Passando con nonchalance da “L’homme du Tarn”, Jean Jaurès (deputato socialista francese e unico ad opporsi alle politiche di tensione pre-Prima Guerra Mondiale, assassinato per questo) alle romane Idi di marzo, nell’omonima canzone, i Griffon corrono avanti e indietro nella storia (nazionale e non solo) scegliendo di dare corpo e sostanza, con la propria musica, all’impetuosa forza in grado di rovesciare regni santi e sollevare nazioni, in uno splendido paradosso tutto umano. Oltre a ricordarci i nostri Fleshgod Apocalypse – si ascolti in proposito “La semaine sanglante” per gustare meglio il paragone – qui e lì sentiamo anche echi dei Septicflesh più recenti per talune costruzioni tra controtempi e riff, fino ad arrivare, con la title-track e le sue evocazioni, a lambire le vesti dei Behemoth più raffinati. Eppure, al netto dei paragoni, dobbiamo dire che il connubio tra stacchi di pianoforte o sfuriate nere risulta sempre a fuoco e armonioso nell’equilibrio di contrasti, soprattutto tra l’epicità belligerante della combo chitarre/sezione ritmica e i momenti più trionfali o di solenne narrazione, e citiamo ancora “L’homme du Tarn” in proposito.
La combo “A l’insurrection”/”La loi de la nation”, poi, brilla di quella luce propria derivante da una scrittura particolarmente sentita e ispirata, rendendo le due canzoni tra le migliori del lotto; anche a fronte di una certa compattezza generale e dell’assenza di grandi scossoni a livello di varietà (e se i Griffon scegliessero in futuro di tentare soluzioni ancora più audaci, siamo sicuri che i risultati sarebbero ottimi), quei due pezzi sono la punta rinforzata di un proiettile velocissimo che passa attraverso lasciando una ferita pulita e micidiale quanto basta.

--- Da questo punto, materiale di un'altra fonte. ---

(* Let $G$ be a countable group. Then: (1) If $\mu$ is a finitely additive left-invariant mean on $G$ with $\textup{dc}_\mu(G)=0$ then $\textup{dc}_{\mu'}(G)=0$ for every finitely additive left-invariant mean $\mu'$ on $G$. (2) If $\alpha>\frac{1}{2}$, and there is either a finitely additive left-invariant mean $\mu$ on $G$ with $\textup{dc}_\mu(G)=\alpha$ or a sequence $M$ of probability measures on $G$ that measures index uniformly with $\textup{dc}_M(G)=\alpha$, then $\textup{dc}_{\mu'}(G)=\alpha$ for every finitely additive left-invariant mean $\mu'$ on $G$ and $\textup{dc}_{M'}(G)=\alpha$ for every sequence $M'$ of probability measures on $G$ that measures index uniformly; moreover the $\limsup$ in the definition of $\textup{dc}_{M'}(G)$ is actually a limit.
   Context: A finitely additive left-invariant mean is a positive normalised left-invariant linear functional on $\ell^\infty(G)$, $\mu(X)=\int1_X\,d\mu$, and $\textup{dc}_\mu(G)=\int_x\int_y1_{\{xy=yx\}}\,d\mu(x)\,d\mu(y)$. A sequence $M=(\mu_n)$ of probability measures measures index uniformly if $\mu_n(xH)\to1/[G:H]$ uniformly over $x\in G$ and subgroups $H$ (with $1/[G:H]=0$ for infinite index); $\textup{dc}_M(G)=\limsup_n(\mu_n\times\mu_n)(\{(x,y):xy=yx\})$. *)

theory Defs
  imports "HOL-Algebra.Coset" "HOL-Probability.Probability"
begin

text \<open>Elements of l-infinity(G): real functions bounded on the carrier of G.
  A function on the ambient type represents its restriction to the carrier.\<close>
definition linfty :: "('a, 'b) monoid_scheme \<Rightarrow> ('a \<Rightarrow> real) set" where
  "linfty G = {f. \<exists>B. \<forall>x\<in>carrier G. \<bar>f x\<bar> \<le> B}"
(* Let $p\in(0,1)$, $\mu>0$, and let $k\ge 3$, $1\le \ell\le k-2$ and $m\ge 2$ be integers. Then there exist $n_0$ and $\alpha>0$ such that for every $n\ge n_0$ there exists a $(p,\mu)$-dense $k$-partite $k$-graph $H$, each of whose parts has exactly $n$ vertices, such that $\delta'_{\ell}(H)\ge \alpha n^{k-\ell}$ and $H$ has no $K_k(m)$-factor.
   Context: A $k$-graph $H$ has a vertex set $V(H)$ and an edge set $E(H)$ consisting of $k$-element subsets of $V(H)$. A $k$-partite $k$-graph comes with a fixed partition $V(H)=V_1\cup\dots\cup V_k$ (its parts) such that every edge meets each $V_i$ in at most one vertex. A set $S\subseteq V(H)$ is legal if $|S\cap V_i|\le 1$ for all $i$. For $S\subseteq V(H)$ with $|S|=s<k$, $\deg_H(S)$ is the number of $(k-s)$-sets $S'$ with $S\cup S'\in E(H)$. The partite minimum $s$-degree $\delta'_s(H)$ is the minimum of $\deg_H(S)$ over all legal $s$-subsets $S$. A $k$-partite $k$-graph $H$ with parts $V_1,\dots,V_k$ and $N=|V(H)|$ vertices is $(p,\mu)$-dense if for all $X_1\subseteq V_1,\dots,X_k\subseteq V_k$ we have $e_H(X_1,\dots,X_k)\ge p|X_1|\cdots|X_k|-\mu N^k$, where $e_H(X_1,\dots,X_k)$ is the number of $(x_1,\dots,x_k)\in X_1\times\dots\times X_k$ with $\{x_1,\dots,x_k\}\in E(H)$. $K_k(m)$ denotes the complete $k$-partite $k$-graph with each part of size $m$. An $F$-factor in $H$ is a set of pairwise vertex-disjoint subgraphs of $H$, each isomorphic to $F$, covering $V(H)$. *)

theory Defs
  imports "HOL-Library.FuncSet" Complex_Main
begin

definition kpart_vertices :: "nat \<Rightarrow> (nat \<Rightarrow> 'a set) \<Rightarrow> 'a set" where
  "kpart_vertices k V = (\<Union>i<k. V i)"

definition kpartite_kgraph :: "nat \<Rightarrow> (nat \<Rightarrow> 'a set) \<Rightarrow> 'a set set \<Rightarrow> bool" where
  "kpartite_kgraph k V E \<longleftrightarrow>
     (\<forall>i<k. finite (V i)) \<and>
     (\<forall>i<k. \<forall>j<k. i \<noteq> j \<longrightarrow> V i \<inter> V j = {}) \<and>
     (\<forall>e\<in>E. e \<subseteq> kpart_vertices k V \<and> card e = k \<and> (\<forall>i<k. card (e \<inter> V i) \<le> 1))"

definition legal :: "nat \<Rightarrow> (nat \<Rightarrow> 'a set) \<Rightarrow> 'a set \<Rightarrow> bool" where
  "legal k V S \<longleftrightarrow> S \<subseteq> kpart_vertices k V \<and> (\<forall>i<k. card (S \<inter> V i) \<le> 1)"

definition hdeg :: "nat \<Rightarrow> 'a set set \<Rightarrow> 'a set \<Rightarrow> nat" where
  "hdeg k E S = card {S'. finite S' \<and> card S' = k - card S \<and> S \<union> S' \<in> E}"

Accompagnato dall’ennesima, bellissima copertina firmata da Adam Burke, “De Republica” è un inno nero e sontuoso, orgoglioso e sprezzante (come solo i francesi sanno essere) alla democrazia, libera e laica, e alla lotta per mantenerla costantemente tale. Terzo album, decisamente buona conferma: chapeau, non c’è che dire.